* Problem description
Each entry must be returned exactly. None may be omitted.

* Stored data entries
(* For all integers $m\ge0$ and $n\ge0$, $$v_m^{(n)}(Y)=\frac{(-1)^m}{m!}\,U(Y)^{bm-m-n+1}\,w_{m+n,bm}(Y).$$
   Context: Let $a,b\ge2$ be integers, $R$ a $\mathbb{Q}$-algebra, $u_0,\ldots,u_a\in R$, and $U(Y)=\sum_{j=0}^au_jY^j\in R[Y]$. Let $I(Y,Z)\in R[[Z]][Y]$ be the formal inverse of $Y+ZU(Y)^b$, i.e. the unique element with $I(Y+ZU(Y)^b,Z)=Y$, and define $v_k(Y)\in R[Y]$ by $U(I(Y,Z))=\sum_{k\ge0}v_k(Y)Z^k$. For each integer $\lambda\ge0$ define $w_{n,\lambda}(Y)\in R[Y]$ recursively by $w_{0,\lambda}(Y)=1/(\lambda+1)$ and $w_{n,\lambda}(Y)=(\lambda-n+2)U'(Y)w_{n-1,\lambda}(Y)+U(Y)w_{n-1,\lambda}'(Y)$ for $n\ge1$. The superscript $(n)$ denotes the $n$-th derivative in $Y$. (When the exponent $bm-m-n+1$ is negative, the right-hand side involves negative powers of $U(Y)$, i.e. it is a formal expression in which $U(Y)$ is inverted.) *)

theory Defs
  imports "HOL-Computational_Algebra.Polynomial" "HOL-Computational_Algebra.Formal_Power_Series"
begin

definition qinv :: "nat \<Rightarrow> 'a::comm_ring_1" where
  "qinv k = (THE x. of_nat k * x = 1)"

definition lift_poly :: "'a::comm_ring_1 poly \<Rightarrow> 'a poly fps poly" where
  "lift_poly p = map_poly (\<lambda>c. fps_const [:c:]) p"

definition fps_Y :: "'a::comm_ring_1 poly fps" where
  "fps_Y = fps_const [:0, 1:]"

text \<open>For c in R[Y] and V in R[Y], the element c(Y + Z V(Y)) of R[Y][[Z]].\<close>
definition shiftY :: "'a::comm_ring_1 poly \<Rightarrow> 'a poly \<Rightarrow> 'a poly fps" where
  "shiftY V c = poly (lift_poly c) (fps_Y + fps_X * fps_const V)"

text \<open>For F(Y,Z) = sum_k F_k(Y) Z^k in R[Y][[Z]], the substitution F(Y + Z V(Y), Z)
  = sum_k F_k(Y + Z V(Y)) Z^k.\<close>
definition substY :: "'a::comm_ring_1 poly \<Rightarrow> 'a poly fps \<Rightarrow> 'a poly fps" where
  "substY V F = Abs_fps (\<lambda>n. \<Sum>k\<le>n. fps_nth (shiftY V (fps_nth F k)) (n - k))"

text \<open>The formal inverse I(Y,Z) of Y + Z U(Y)^b: the unique I with I(Y + Z U(Y)^b, Z) = Y.\<close>
definition formal_inverse :: "'a::comm_ring_1 poly \<Rightarrow> nat \<Rightarrow> 'a poly fps" where
  "formal_inverse U b = (THE I. substY (U ^ b) I = fps_Y)"
(* Let $G$ be a finite graph having at least one sink-free orientation. Consider the algorithm: orient each edge of $G$ independently and uniformly at random; while there is at least one sink, re-orient independently and uniformly at random all edges incident to some sink (all sinks present at that moment simultaneously); output the current orientation. Let $Z_{\mathrm{sink},0}$ be the number of sink-free orientations of $G$ and $Z_{\mathrm{sink},1}$ the number of orientations of $G$ with exactly one sink. Then the expected total number of resampled sinks (summed over all rounds) is $\frac{Z_{\mathrm{sink},1}}{Z_{\mathrm{sink},0}}$.
   Context: An orientation assigns to each edge $\{u,v\}$ one of the directions $(u,v)$ or $(v,u)$. A sink is a vertex $v$ such that every edge incident to $v$ is directed towards $v$. A sink-free orientation is one with no sink. *)

theory Defs
  imports "HOL-Probability.Probability"
begin

definition finite_graph :: "'a set \<Rightarrow> 'a set set \<Rightarrow> bool" where
  "finite_graph V E \<longleftrightarrow> finite V \<and> (\<forall>e\<in>E. e \<subseteq> V \<and> card e = 2)"

text \<open>An orientation assigns to each edge its head (the vertex it points to);
  outside E the value is fixed to undefined so that the set of orientations is finite.\<close>
definition orientations :: "'a set set \<Rightarrow> ('a set \<Rightarrow> 'a) set" where
  "orientations E = {\<sigma>. (\<forall>e\<in>E. \<sigma> e \<in> e) \<and> (\<forall>e. e \<notin> E \<longrightarrow> \<sigma> e = undefined)}"

definition sinks :: "'a set \<Rightarrow> 'a set set \<Rightarrow> ('a set \<Rightarrow> 'a) \<Rightarrow> 'a set" where
  "sinks V E \<sigma> = {v\<in>V. \<forall>e\<in>E. v \<in> e \<longrightarrow> \<sigma> e = v}"

definition Z_sink :: "nat \<Rightarrow> 'a set \<Rightarrow> 'a set set \<Rightarrow> nat" where
  "Z_sink k V E = card {\<sigma>\<in>orientations E. card (sinks V E \<sigma>) = k}"

definition resample :: "'a set set \<Rightarrow> 'a set \<Rightarrow> ('a set \<Rightarrow> 'a) \<Rightarrow> ('a set \<Rightarrow> 'a) pmf" where
  "resample E S \<sigma> = map_pmf (\<lambda>t e. if e \<in> E \<and> e \<inter> S \<noteq> {} then t e else \<sigma> e)
                              (pmf_of_set (orientations E))"

text \<open>One round of the algorithm; once sink-free the state stays fixed (output).\<close>
definition prs_step :: "'a set \<Rightarrow> 'a set set \<Rightarrow> ('a set \<Rightarrow> 'a) \<Rightarrow> ('a set \<Rightarrow> 'a) pmf" where
  "prs_step V E \<sigma> = (if sinks V E \<sigma> = {} then return_pmf \<sigma> else resample E (sinks V E \<sigma>) \<sigma>)"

* Finished exercise
(* For all integers $m\ge0$ and $n\ge0$, $$v_m^{(n)}(Y)=\frac{(-1)^m}{m!}\,U(Y)^{bm-m-n+1}\,w_{m+n,bm}(Y).$$
   Context: Let $a,b\ge2$ be integers, $R$ a $\mathbb{Q}$-algebra, $u_0,\ldots,u_a\in R$, and $U(Y)=\sum_{j=0}^au_jY^j\in R[Y]$. Let $I(Y,Z)\in R[[Z]][Y]$ be the formal inverse of $Y+ZU(Y)^b$, i.e. the unique element with $I(Y+ZU(Y)^b,Z)=Y$, and define $v_k(Y)\in R[Y]$ by $U(I(Y,Z))=\sum_{k\ge0}v_k(Y)Z^k$. For each integer $\lambda\ge0$ define $w_{n,\lambda}(Y)\in R[Y]$ recursively by $w_{0,\lambda}(Y)=1/(\lambda+1)$ and $w_{n,\lambda}(Y)=(\lambda-n+2)U'(Y)w_{n-1,\lambda}(Y)+U(Y)w_{n-1,\lambda}'(Y)$ for $n\ge1$. The superscript $(n)$ denotes the $n$-th derivative in $Y$. (When the exponent $bm-m-n+1$ is negative, the right-hand side involves negative powers of $U(Y)$, i.e. it is a formal expression in which $U(Y)$ is inverted.) *)

theory Defs
  imports "HOL-Computational_Algebra.Polynomial" "HOL-Computational_Algebra.Formal_Power_Series"
begin

definition qinv :: "nat \<Rightarrow> 'a::comm_ring_1" where
  "qinv k = (THE x. of_nat k * x = 1)"

definition lift_poly :: "'a::comm_ring_1 poly \<Rightarrow> 'a poly fps poly" where
  "lift_poly p = map_poly (\<lambda>c. fps_const [:c:]) p"

definition fps_Y :: "'a::comm_ring_1 poly fps" where
  "fps_Y = fps_const [:0, 1:]"

text \<open>For c in R[Y] and V in R[Y], the element c(Y + Z V(Y)) of R[Y][[Z]].\<close>
definition shiftY :: "'a::comm_ring_1 poly \<Rightarrow> 'a poly \<Rightarrow> 'a poly fps" where
  "shiftY V c = poly (lift_poly c) (fps_Y + fps_X * fps_const V)"

text \<open>For F(Y,Z) = sum_k F_k(Y) Z^k in R[Y][[Z]], the substitution F(Y + Z V(Y), Z)
  = sum_k F_k(Y + Z V(Y)) Z^k.\<close>
definition substY :: "'a::comm_ring_1 poly \<Rightarrow> 'a poly fps \<Rightarrow> 'a poly fps" where
  "substY V F = Abs_fps (\<lambda>n. \<Sum>k\<le>n. fps_nth (shiftY V (fps_nth F k)) (n - k))"

text \<open>The formal inverse I(Y,Z) of Y + Z U(Y)^b: the unique I with I(Y + Z U(Y)^b, Z) = Y.\<close>
definition formal_inverse :: "'a::comm_ring_1 poly \<Rightarrow> nat \<Rightarrow> 'a poly fps" where
  "formal_inverse U b = (THE I. substY (U ^ b) I = fps_Y)"
(* Let $G$ be a finite graph having at least one sink-free orientation. Consider the algorithm: orient each edge of $G$ independently and uniformly at random; while there is at least one sink, re-orient independently and uniformly at random all edges incident to some sink (all sinks present at that moment simultaneously); output the current orientation. Let $Z_{\mathrm{sink},0}$ be the number of sink-free orientations of $G$ and $Z_{\mathrm{sink},1}$ the number of orientations of $G$ with exactly one sink. Then the expected total number of resampled sinks (summed over all rounds) is $\frac{Z_{\mathrm{sink},1}}{Z_{\mathrm{sink},0}}$.
   Context: An orientation assigns to each edge $\{u,v\}$ one of the directions $(u,v)$ or $(v,u)$. A sink is a vertex $v$ such that every edge incident to $v$ is directed towards $v$. A sink-free orientation is one with no sink. *)

theory Defs
  imports "HOL-Probability.Probability"
begin

definition finite_graph :: "'a set \<Rightarrow> 'a set set \<Rightarrow> bool" where
  "finite_graph V E \<longleftrightarrow> finite V \<and> (\<forall>e\<in>E. e \<subseteq> V \<and> card e = 2)"

text \<open>An orientation assigns to each edge its head (the vertex it points to);
  outside E the value is fixed to undefined so that the set of orientations is finite.\<close>
definition orientations :: "'a set set \<Rightarrow> ('a set \<Rightarrow> 'a) set" where
  "orientations E = {\<sigma>. (\<forall>e\<in>E. \<sigma> e \<in> e) \<and> (\<forall>e. e \<notin> E \<longrightarrow> \<sigma> e = undefined)}"

definition sinks :: "'a set \<Rightarrow> 'a set set \<Rightarrow> ('a set \<Rightarrow> 'a) \<Rightarrow> 'a set" where
  "sinks V E \<sigma> = {v\<in>V. \<forall>e\<in>E. v \<in> e \<longrightarrow> \<sigma> e = v}"

definition Z_sink :: "nat \<Rightarrow> 'a set \<Rightarrow> 'a set set \<Rightarrow> nat" where
  "Z_sink k V E = card {\<sigma>\<in>orientations E. card (sinks V E \<sigma>) = k}"

definition resample :: "'a set set \<Rightarrow> 'a set \<Rightarrow> ('a set \<Rightarrow> 'a) \<Rightarrow> ('a set \<Rightarrow> 'a) pmf" where
  "resample E S \<sigma> = map_pmf (\<lambda>t e. if e \<in> E \<and> e \<inter> S \<noteq> {} then t e else \<sigma> e)
                              (pmf_of_set (orientations E))"

text \<open>One round of the algorithm; once sink-free the state stays fixed (output).\<close>
definition prs_step :: "'a set \<Rightarrow> 'a set set \<Rightarrow> ('a set \<Rightarrow> 'a) \<Rightarrow> ('a set \<Rightarrow> 'a) pmf" where
  "prs_step V E \<sigma> = (if sinks V E \<sigma> = {} then return_pmf \<sigma> else resample E (sinks V E \<sigma>) \<sigma>)"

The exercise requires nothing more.